After The Intercept story published, the Morse campaign sent out a press release suggesting a connection between the Neal campaign and the attacks against Morse. Kate Norton, a spokesperson for Neal’s campaign, told MassLive on Monday that the UMass-Amherst students were not working with the Neal campaign, but called the students who coordinated the dubious attack on Morse “courageous.”
“No.

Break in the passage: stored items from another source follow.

lemma is_ETF_scaled_psd_sqrt_pinv_frame_iff:
  fixes w :: "'m::finite \<Rightarrow> complex^'n"
  defines "H \<equiv> cross_gram w (canonical_dual w)"
  assumes "k \<noteq> 0"
  shows "is_ETF N d (vec.span (range w)) (\<lambda>i. k *s (psd_sqrt (mp_inverse (frame_operator w)) *v w i))
    \<longleftrightarrow> N = CARD('m) \<and> vec.dim (vec.span (range w)) = d
      \<and> (\<forall>i. complex_of_real ((cmod k)\<^sup>2) * H$i$i = 1) \<and> (\<exists>c. \<forall>i j. i \<noteq> j \<longrightarrow> cmod (H$i$j) = c)"
proof -
  let ?psi = "\<lambda>i. k *s (psd_sqrt (mp_inverse (frame_operator w)) *v w i)"
  have gram: "cinner (?psi i) (?psi j) = complex_of_real ((cmod k)\<^sup>2) * H$i$j" for i j
    by (simp add: cinner_scale_scale cinner_psd_sqrt_pinv_frame H_def)
  have "norm (?psi i) = 1 \<longleftrightarrow> cinner (?psi i) (?psi i) = 1" for i
    by (simp add: cinner_self abs_square_eq_1 del: of_real_power)
  then have unit: "(\<forall>i. norm (?psi i) = 1) \<longleftrightarrow> (\<forall>i. complex_of_real ((cmod k)\<^sup>2) * H$i$i = 1)"
    by (simp add: gram)
  have modulus: "(cmod (cinner (?psi i) (?psi j)))\<^sup>2 = (cmod k) ^ 4 * (cmod (H$i$j))\<^sup>2" for i j
    by (simp add: gram norm_mult power_mult_distrib flip: power_mult del: of_real_power)
  have "(\<exists>c. \<forall>i j. i \<noteq> j \<longrightarrow> (cmod (cinner (?psi i) (?psi j)))\<^sup>2 = c)
      \<longleftrightarrow> (\<exists>c. \<forall>i j. i \<noteq> j \<longrightarrow> cmod (H$i$j) = c)"
    unfolding modulus using \<open>k \<noteq> 0\<close> by (intro ex_const_offdiag_scaled_sq_iff) auto
  then show ?thesis
    using unit tight_frame_scaled_psd_sqrt_pinv_frame[OF \<open>k \<noteq> 0\<close>] by (auto simp: is_ETF_def)
qed
theorem corollary4p4:
  fixes n :: nat and eps :: "'a::comm_ring_1 mat"
  assumes "n \<ge> 2" and "eps \<in> Elem (2*n)"
  shows "\<exists>eps0. eps0 \<in> E_phi (psi n) \<and> eps0 \<in> Elem (2*n - 1) \<and>
     transpose_mat eps * psi n * eps
       = transpose_mat (one_perp eps0) * psi n * one_perp eps0"
proof -
  have n: "n \<ge> 1" using assms(1) by simp \<comment> \<open>the argument only needs n \<ge> 1\<close>
  obtain s eta where s: "symplectic n s" and eta: "eta \<in> E_phi (psi n)" and eps: "eps = s * one_perp eta"
    using Elem_subset_Sp_one_perp_E_psi[OF n] assms(2) by (auto simp: Sp_one_perp_E_psi_def)
  have "one_perp eta \<in> carrier_mat (2*n) (2*n)"
    using one_perp_carrier[OF E_psi_carrier[OF n eta]] n by simp
  then have "transpose_mat eps * psi n * eps = transpose_mat (one_perp eta) * psi n * one_perp eta"
    unfolding eps by (rule symplectic_form_mult[OF s])
  then show ?thesis using eta E_psi_subset_Elem[OF n] by blast
qed
end
lemma similarity_vimage_affine_hyperplane:
  fixes f :: "'a::euclidean_space \<Rightarrow> 'a"
  assumes s: "0 < s" and dist: "\<forall>x y. dist (f x) (f y) = s * dist x y"
    and H: "affine_hyperplane H"
  shows "affine_hyperplane (f -` H)"
proof -
  let ?g = "\<lambda>x. f x - f 0"
  have lin: "linear ?g" using similarity_diff_linear[OF dist] .
  obtain a b where "a \<noteq> 0" and H_eq: "H = {x. a \<bullet> x = b}"
    using H unfolding affine_hyperplane_def by blast
  have adj: "x \<bullet> adjoint ?g a = ?g x \<bullet> a" for x
    using adjoint_works[OF lin] .
  have "f -` H = {x. adjoint ?g a \<bullet> x = b - a \<bullet> f 0}"
    using adj by (auto simp: H_eq inner_commute inner_diff_left algebra_simps)
  moreover have "adjoint ?g a \<noteq> 0"
  proof
    assume "adjoint ?g a = 0"
    moreover obtain x where "a = ?g x"
      using similarity_surj[OF s dist] by (metis add_diff_cancel surj_def)
    ultimately have "a \<bullet> a = 0" using adj[of x] by (simp add: inner_commute)
    with \<open>a \<noteq> 0\<close> show False by simp
  qed
  ultimately show ?thesis unfolding affine_hyperplane_def by blast
qed

lemma similarity_vimage_open_nbhd:
  fixes f :: "'a::metric_space \<Rightarrow> 'b::metric_space"
  assumes "0 < s" and "\<forall>x y. dist (f x) (f y) = s * dist x y" and "surj f"
  shows "f -` open_nbhd H (s * c) = open_nbhd (f -` H) c"
proof -
  have "(\<exists>h\<in>H. dist (f x) h < s * c) \<longleftrightarrow> (\<exists>h. f h \<in> H \<and> dist x h < c)" for x
    using assms by (metis mult_less_cancel_left_pos surjD)
  then show ?thesis unfolding open_nbhd_def by auto
qed

lemma open_nbhd_mono: "a \<le> b \<Longrightarrow> open_nbhd S a \<subseteq> open_nbhd S b"
  unfolding open_nbhd_def by force

lemma word_map_Nil [simp]: "word_map \<phi> [] = id"
  by (simp add: word_map_def)

lemma word_map_Cons [simp]: "word_map \<phi> (a # w) = \<phi> a \<circ> word_map \<phi> w"
  by (simp add: word_map_def)

lemma word_map_append: "word_map \<phi> (u @ v) = word_map \<phi> u \<circ> word_map \<phi> v"
  by (induction u) auto

lemma word_map_dist:
  assumes "similarity_ifs L \<phi> r" and "set w \<subseteq> L"
  shows "dist (word_map \<phi> w x) (word_map \<phi> w y) = prod_list (map r w) * dist x y"
  using assms(2) by (induction w arbitrary: x y) (use assms(1) in \<open>auto simp: similarity_ifs_def\<close>)

lemma word_ratio_pos:
  assumes "similarity_ifs L \<phi> r" and "set w \<subseteq> L"
  shows "0 < prod_list (map r w)"
  using assms(2) by (induction w) (use assms(1) in \<open>auto simp: similarity_ifs_def\<close>)
(* Let $F\leq F'\leq\hat F$ be permutation groups on $\Omega$. The following are equivalent: (i) $F=F'$; (ii) $G(F,F')=U(F)$; (iii) $G(F,F')$ is a closed subgroup of $\mathrm{Aut}(\mathcal{T}_d)$; (iv) the vertex stabilizers $G(F,F')_v$ ($v\in V$) are compact in $G(F,F')$.
   Context: Standing notation. $\Omega$ is a finite set with $d=|\Omega|\geq 3$, $\mathcal{T}_d$ is the $d$-regular tree with vertex set $V$ and set $E$ of non-oriented edges, and $\mathrm{Aut}(\mathcal{T}_d)$ carries the permutation topology. Fix a coloring $c:E\to\Omega$ such that for every vertex $v$ its restriction $c_v$ to the set $E(v)$ of edges containing $v$ is a bijection onto $\Omega$. For $g\in\mathrm{Aut}(\mathcal{T}_d)$ and $v\in V$, the local permutation is $\sigma(g,v)=c_{gv}\circ g_v\circ c_v^{-1}\in\mathrm{Sym}(\Omega)$, where $g_v:E(v)\to E(gv)$ is induced by $g$. For $F\leq\mathrm{Sym}(\Omega)$: $U(F)=\{g:\sigma(g,v)\in F \ \forall v\}$; $G(F)=\{g:\sigma(g,v)\in F \text{ for all but finitely many } v\}$; $\hat F$ is the subgroup of permutations preserving each $F$-orbit. For $F\leq F'\leq\hat F$, $G(F,F')=G(F)\cap U(F')$, endowed with the unique group topology for which the inclusion $U(F)\hookrightarrow G(F,F')$ is continuous and open ($U(F)$ with the topology induced from $\mathrm{Aut}(\mathcal{T}_d)$). *)

theory Defs
  imports "HOL-Analysis.Analysis" "HOL-Combinatorics.Permutations"
begin

text \<open>The vertex set V is the whole type 'v; adjacency is a relation adj.
  Non-oriented edges are the two-element sets {u,w} with adj u w.\<close>

definition edges_at :: "('v \<Rightarrow> 'v \<Rightarrow> bool) \<Rightarrow> 'v \<Rightarrow> 'v set set" where
  "edges_at adj v = {{v, w} | w. adj v w}"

The College Democrats independently came forward, and our campaign commends these courageous students,” Norton said in response to Morse’s claim that the Neal campaign coordinated with the College Democrats.
In its press release sent Thursday, the Morse campaign bragged that it had raised $130,000 in a single day – the day The Intercept published its story about College Democrats working to harm Morse’s campaign.
“The campaign received upwards of $130,000 in contributions on Wednesday alone, fueled by supporters across the country who see this attack for what it is: a failed attempt to ruin the reputation of a bold, progressive challenger who has what it takes to beat Richie Neal, the recipient of more corporate money than any other Democrat in Congress,” the press release stated.
The $130,000 represents more than one quarter of what the Morse campaign has raised since July 1. The campaign also shared that an internal poll showed Morse 10 points behind Neal, but with 20% of voters still undecided.